According to a Twitter spokesperson, "Posting a person's private information without their express permission is a direct violation of the Twitter Rules," but don't hold your breath waiting on Griffin's social-media accounts to be pulled down.
Others pilled on.
"Saturday Night Live" writer Sarah Beattie said that she will have sex with "whoever manages to punch that MAGA kid in the face." Here is a sample of other celebrity knee-jerkers... Alyssa Milano: "The red MAGA hat is the new white hood." Billy Crystal: "The kids parents must be so proud." Shaun King: "I am so deeply grieved and angry by this as young kids in MAGA hats surrounded and mocked a beloved Native American elder yesterday."
Laughably, Massachusetts senator and notorious Native American impersonatorElizabeth Warren insisted, "Omaha elder and Vietnam War veteran Nathan Phillips endured hateful taunts with dignity and strength, then urged us all to do better." (Phillips is probably one of her relatives.)
On the subject of Phillips's military record? That's as genuine as Warren's Native American heritage claims. Phillips is not a Vietnam War veteran.
In his CNN interview Sunday, he twice claimed, "I'm a Vietnam veteran." He had previously claimed, "I'm what they call a recon ranger. That was my role." Those are both lies. But Phillips, who enlisted as Nathan Stanard, was a private for a couple years, stationed in Nebraska and California as a refrigerator mechanic. His record indicates he was AWOL in both locations.
But he makes no effort to correct the record in the media echo chamber.
UPI: "laughing and chanting at Vietnam War veteran Nathan Phillips..." Washington Post: "Phillips, an Omaha tribe elder who fought in the Vietnam War..." Slate: "Nathan Phillips, a Vietnam War veteran..." Huffington Post: "Phillips served in the Vietnam War..." TMZ: "A mob of MAGA hat-wearing teenagers swarmed around a Native American Vietnam veteran..." Even a GoFundMe appeal notes: "Native American Vietnam War Veteran Nathan Phillips was mocked and harassed..."
Finally, the student most maligned by the Fake News narrative, Nick Sandmann, has invited Nathan Phillips to meet for a conversation about the incident. But Phillips rejected the boy's offer, saying, "It's not the right time. ... He stole my narrative."
As for the impact that false narrative has had on the kids at Covington and their families, Jim Wilson, who was a chaperone for the DC visit, said, "The schools slogan is, 'A spirit that will not die.' They are embracing that." But the death threats keep coming.
As for the Leftmedia talkingheads, if they wonder why so many Americans dismiss their biased news narratives, they need look no further than this disgraceful, slanderous "news."
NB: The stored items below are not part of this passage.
lemma prod_X_indicator_tail_event:
  fixes P :: "(nat \<Rightarrow> real) \<Rightarrow> bool"
  assumes [measurable]: "Measurable.pred (PiM {p..<n} (\<lambda>_. borel)) P"
    and B: "B = {\<omega> \<in> space M. P (restrict (\<lambda>i. X i \<omega>) {p..<n})}"
  shows "integrable M (\<lambda>\<omega>. prod_X \<omega> * indicator B \<omega>)"
    and "expectation (\<lambda>\<omega>. prod_X \<omega> * indicator B \<omega>) = prob B"
proof -
  define G where "G x = (if P x then 1 else 0 :: real)" for x :: "nat \<Rightarrow> real"
  have G_measurable [measurable]: "G \<in> borel_measurable (PiM {p..<n} (\<lambda>_. borel))"
    and [measurable]: "B \<in> sets M"
    unfolding G_def B by measurable
  have G: "G (restrict (\<lambda>i. X i \<omega>) {p..<n}) = indicator B \<omega>" if "\<omega> \<in> space M" for \<omega>
    using that unfolding G_def B by simp
  have "integrable M (\<lambda>\<omega>. G (restrict (\<lambda>i. X i \<omega>) {p..<n})) \<longleftrightarrow> integrable M (indicator B :: 'a \<Rightarrow> real)"
    by (rule Bochner_Integration.integrable_cong) (simp_all add: G)
  then have int_G: "integrable M (\<lambda>\<omega>. G (restrict (\<lambda>i. X i \<omega>) {p..<n}))"
    by (simp add: integrable_real_indicator less_top[symmetric])
  note tail = prod_X_mult_tail[OF G_measurable int_G]
  have "integrable M (\<lambda>\<omega>. prod_X \<omega> * G (restrict (\<lambda>i. X i \<omega>) {p..<n}))
      \<longleftrightarrow> integrable M (\<lambda>\<omega>. prod_X \<omega> * indicator B \<omega>)"
    by (rule Bochner_Integration.integrable_cong) (simp_all add: G)
  with tail(1) show "integrable M (\<lambda>\<omega>. prod_X \<omega> * indicator B \<omega>)"
    by blast
  have "expectation (\<lambda>\<omega>. prod_X \<omega> * indicator B \<omega>)
      = expectation (\<lambda>\<omega>. prod_X \<omega> * G (restrict (\<lambda>i. X i \<omega>) {p..<n}))"
    by (rule Bochner_Integration.integral_cong) (simp_all add: G)
  also have "\<dots> = expectation (\<lambda>\<omega>. G (restrict (\<lambda>i. X i \<omega>) {p..<n}))"
    by (rule tail(2))
  also have "\<dots> = expectation (indicator B)"
    by (rule Bochner_Integration.integral_cong) (simp_all add: G)
  finally show "expectation (\<lambda>\<omega>. prod_X \<omega> * indicator B \<omega>) = prob B"
    by simp
qed
(* Let $L\mathfrak{g}^{\sigma^*}$, $\widetilde G$ and its coadjoint action $\mathrm{Ad}^*_{\widetilde G}$ be as in the context. For integers $m\ge 0$ and $p\ge1$ let $$\widetilde{\mathfrak g}^*_{(m,p)}=\Big\{X\in L\mathfrak{g}^{\sigma^*}\ :\ X(z)=\sum_{j=-m}^{p}X_jz^j\Big\}.$$ Then $\widetilde{\mathfrak g}^*_{(m,p)}$ is invariant under $\mathrm{Ad}^*_{\widetilde G}(g)$ for every $g\in\widetilde G$.
   Context: $LG$ is the group of smooth loops $g:S^1\to GL(n,\mathbb{C})$ with $\overline{g(z)}=g(\bar z)$; $LG^{\Sigma}=\{g\in LG: g(z)g(-z)^T=I\}$. $LG^{\Sigma}_+$ (resp. $LG^{\Sigma}_-$) is the subgroup of loops in $LG^{\Sigma}$ extending analytically (as invertible matrices) to the interior (resp. exterior) of the unit circle, with the extra requirement $g(\infty)=I$ for $LG^{\Sigma}_-$. $\widetilde G=\{g\in LG^{\Sigma}: g=g_+g_-^{-1},\ g_+\in LG^{\Sigma}_+,\ g_-\in LG^{\Sigma}_-\}$; the factors $g_\pm$ are unique. $L\mathfrak{g}^{\sigma^*}$ is the space of loops $X(z)=\sum_jX_jz^j$ with real $n\times n$ coefficients, $X_{2j}$ symmetric and $X_{2j+1}$ skew-symmetric. $\Pi_+$ (resp. $\Pi_-$) is the projection $\sum_jX_jz^j\mapsto\sum_{j\ge0}X_jz^j$ (resp. $\sum_{j<0}X_jz^j$). The coadjoint action of $g=g_+g_-^{-1}\in\widetilde G$ on $A\in L\mathfrak{g}^{\sigma^*}$ is $\mathrm{Ad}^*_{\widetilde G}(g)A=\Pi_-(g_+^{-1}Ag_+)+\Pi_+(g_-^{-1}Ag_-)$. *)

theory Defs
  imports "HOL-Analysis.Analysis"
begin

type_synonym 'n cmat = "complex ^ 'n ^ 'n"

text \<open>Loops are functions on the complex plane of which only the values on the unit
circle (sphere 0 1) matter.\<close>

definition cscale :: "complex \<Rightarrow> 'n::finite cmat \<Rightarrow> 'n::finite cmat" where
  "cscale c M = (\<chi> a b. c * M $ a $ b)"

definition cnj_mat :: "'n::finite cmat \<Rightarrow> 'n::finite cmat" where
  "cnj_mat M = (\<chi> a b. cnj (M $ a $ b))"

definition smooth_loop :: "(complex \<Rightarrow> 'n::finite cmat) \<Rightarrow> bool" where
  "smooth_loop g \<longleftrightarrow> (\<exists>D :: nat \<Rightarrow> real \<Rightarrow> 'n::finite cmat.
      D 0 = (\<lambda>t. g (cis t)) \<and>
      (\<forall>k t. (D k has_vector_derivative D (Suc k) t) (at t)))"

definition fourier_coeff :: "(complex \<Rightarrow> 'n::finite cmat) \<Rightarrow> int \<Rightarrow> 'n::finite cmat" where
  "fourier_coeff X j = (\<chi> a b. integral {0..2*pi}
      (\<lambda>t. cis (- of_int j * t) * X (cis t) $ a $ b) / complex_of_real (2*pi))"

definition Pi_plus :: "(complex \<Rightarrow> 'n::finite cmat) \<Rightarrow> complex \<Rightarrow> 'n::finite cmat" where
  "Pi_plus X z = (\<Sum>k. cscale (z ^ k) (fourier_coeff X (int k)))"

definition Pi_minus :: "(complex \<Rightarrow> 'n::finite cmat) \<Rightarrow> complex \<Rightarrow> 'n::finite cmat" where
  "Pi_minus X z = (\<Sum>k. cscale (inverse z ^ Suc k) (fourier_coeff X (- int (Suc k))))"

definition LG :: "(complex \<Rightarrow> 'n::finite cmat) set" where
  "LG = {g. smooth_loop g \<and> (\<forall>z\<in>sphere 0 1. invertible (g z)) \<and>
            (\<forall>z\<in>sphere 0 1. cnj_mat (g z) = g (cnj z))}"

definition LG_Sigma :: "(complex \<Rightarrow> 'n::finite cmat) set" where
  "LG_Sigma = {g. g \<in> LG \<and> (\<forall>z\<in>sphere 0 1. g z ** transpose (g (- z)) = mat 1)}"
theorem AE_lebesgue_point:
  fixes u :: "'a::euclidean_space \<Rightarrow> real"
  assumes u: "integrable lborel u"
  shows "AE x in lborel. lebesgue_point u x"
proof -
  have "AE x in lborel. \<forall>k::nat. \<forall>\<^sub>F r in at_right 0.
     (\<integral>\<^sup>+y\<in>cball x r. ennreal \<bar>u y - u x\<bar> \<partial>lborel) \<le> ennreal (1 / Suc k) * emeasure lborel (cball x r)"
    by (subst AE_all_countable) (auto intro: AE_eventually_oscillation_le[OF u])
  then show ?thesis
  proof eventually_elim
    case (elim x)
    show ?case unfolding lebesgue_point_def
    proof (intro allI impI)
      fix \<epsilon> :: real assume "\<epsilon> > 0"
      then obtain k where k: "1 / Suc k < \<epsilon>" using nat_approx_posE by blast
      show "\<forall>\<^sub>F r in at_right 0.
          (\<integral>\<^sup>+y\<in>cball x r. ennreal \<bar>u y - u x\<bar> \<partial>lborel) \<le> ennreal \<epsilon> * emeasure lborel (cball x r)"
        using elim[rule_format, of k]
      proof eventually_elim
        case (elim r)
        have "ennreal (1 / Suc k) * emeasure lborel (cball x r) \<le> ennreal \<epsilon> * emeasure lborel (cball x r)"
          using k by (intro mult_right_mono ennreal_leI) auto
        with elim show ?case by (rule order_trans)
      qed
    qed
  qed
qed

lemma average_dist_le:
  fixes u :: "'a \<Rightarrow> real"
  assumes u: "integrable M u" and E: "E \<in> sets M" "emeasure M E < \<infinity>" "measure M E > 0"
    and e: "e \<ge> 0" and osc: "(\<integral>\<^sup>+y\<in>E. ennreal \<bar>u y - c\<bar> \<partial>M) \<le> ennreal (e * measure M E)"
  shows "\<bar>(\<integral>y. indicator E y * u y \<partial>M) / measure M E - c\<bar> \<le> e"
proof -
  let ?m = "measure M E"
  have iu: "integrable M (\<lambda>y. indicator E y * u y)"
    using integrable_real_mult_indicator[OF E(1) u] by (simp add: mult.commute)
  have ic: "integrable M (\<lambda>y. indicator E y * c)"
    using E by (intro integrable_mult_left) (auto simp: less_top)
  have "(\<integral>y. indicator E y * u y \<partial>M) - c * ?m = (\<integral>y. indicator E y * (u y - c) \<partial>M)"
    using iu ic E by (simp add: right_diff_distrib mult.commute less_top)
  also have "\<bar>\<dots>\<bar> \<le> (\<integral>y. \<bar>indicator E y * (u y - c)\<bar> \<partial>M)"
    by (rule integral_abs_bound)
  also have "\<dots> \<le> e * ?m"
  proof -
    have "ennreal (\<integral>y. \<bar>indicator E y * (u y - c)\<bar> \<partial>M) = (\<integral>\<^sup>+y\<in>E. ennreal \<bar>u y - c\<bar> \<partial>M)"
      using iu ic by (subst nn_integral_eq_integral[symmetric])
        (auto simp: right_diff_distrib intro!: nn_integral_cong split: split_indicator)
    with osc have "ennreal (\<integral>y. \<bar>indicator E y * (u y - c)\<bar> \<partial>M) \<le> ennreal (e * ?m)" by simp
    then show ?thesis using e E(3) by (subst (asm) ennreal_le_iff) auto
  qed
  finally show ?thesis using E(3) by (simp add: abs_le_iff field_simps)
qed

text \<open>A set squeezed between \<open>cball x a\<close> and \<open>cball x b\<close> fills at least the fraction \<open>(a/b)\<^sup>n\<close>
  of the outer ball, so an oscillation bound on the outer ball transfers to it.\<close>

lemma average_dist_le_squeezed:
  fixes u :: "'a::euclidean_space \<Rightarrow> real"
  assumes u: "integrable lborel u" and E: "E \<in> sets lborel" and a: "0 < a" "a \<le> b"
    and inner: "cball x a \<subseteq> E" and outer: "E \<subseteq> cball x b" and e: "e \<ge> 0"
    and osc: "(\<integral>\<^sup>+y\<in>cball x b. ennreal \<bar>u y - u x\<bar> \<partial>lborel) \<le> ennreal e * emeasure lborel (cball x b)"
  shows "\<bar>(\<integral>y. indicator E y * u y \<partial>lborel) / measure lborel E - u x\<bar> \<le> (b / a) ^ DIM('a) * e"
proof -
  define K where "K = (b / a) ^ DIM('a)"
  have K: "K > 0" using a by (simp add: K_def)
  have "emeasure lborel E \<le> emeasure lborel (cball x b)"
    using outer by (intro emeasure_mono) auto
  then have fin: "emeasure lborel E < \<infinity>"
    using emeasure_lborel_cball_finite by (rule le_less_trans)
  have "0 < emeasure lborel (cball x a)"
    using a by (simp add: emeasure_cball)
  also have inner_le: "\<dots> \<le> ennreal (measure lborel E)"
    using E inner fin by (auto simp: emeasure_eq_ennreal_measure[symmetric] less_top intro!: emeasure_mono)
  finally have mE: "0 < measure lborel E" by simp
  have "(\<integral>\<^sup>+y\<in>E. ennreal \<bar>u y - u x\<bar> \<partial>lborel) \<le> (\<integral>\<^sup>+y\<in>cball x b. ennreal \<bar>u y - u x\<bar> \<partial>lborel)"
    using outer by (intro nn_integral_mono) (auto split: split_indicator)
  also have "\<dots> \<le> ennreal e * emeasure lborel (cball x b)"
    by (rule osc)
  also have "emeasure lborel (cball x b) = ennreal K * emeasure lborel (cball x a)"
    using emeasure_cball_scale[of a "b / a" x] a by (simp add: K_def)
  also have "ennreal e * (ennreal K * emeasure lborel (cball x a)) = ennreal (K * e) * emeasure lborel (cball x a)"
    using K e by (simp add: mult.assoc[symmetric] ennreal_mult[symmetric] mult.commute[of e])
  also have "\<dots> \<le> ennreal (K * e) * ennreal (measure lborel E)"
    using inner_le by (rule mult_left_mono) simp
  finally have "(\<integral>\<^sup>+y\<in>E. ennreal \<bar>u y - u x\<bar> \<partial>lborel) \<le> ennreal (K * e * measure lborel E)"
    using K e by (subst ennreal_mult) auto
  then show ?thesis using average_dist_le[OF u E fin mE, of "K * e" "u x"] K e by (simp add: K_def)
qed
Fake news has been around in one form or another since Gutenberg invented the printing press. In 1710, Irish essayist and cleric Jonathan Swift wrote in his work The Examiner, "If a Lie be believ'd only for an Hour, it has done its Work. ... Falsehood flies, and the Truth comes limping after it; so that when Men come to be undeceiv'd, it is too late."
In more contemporary parlance, "A lie can travel halfway around the world while the truth is still putting its boots on." And indeed, this one did.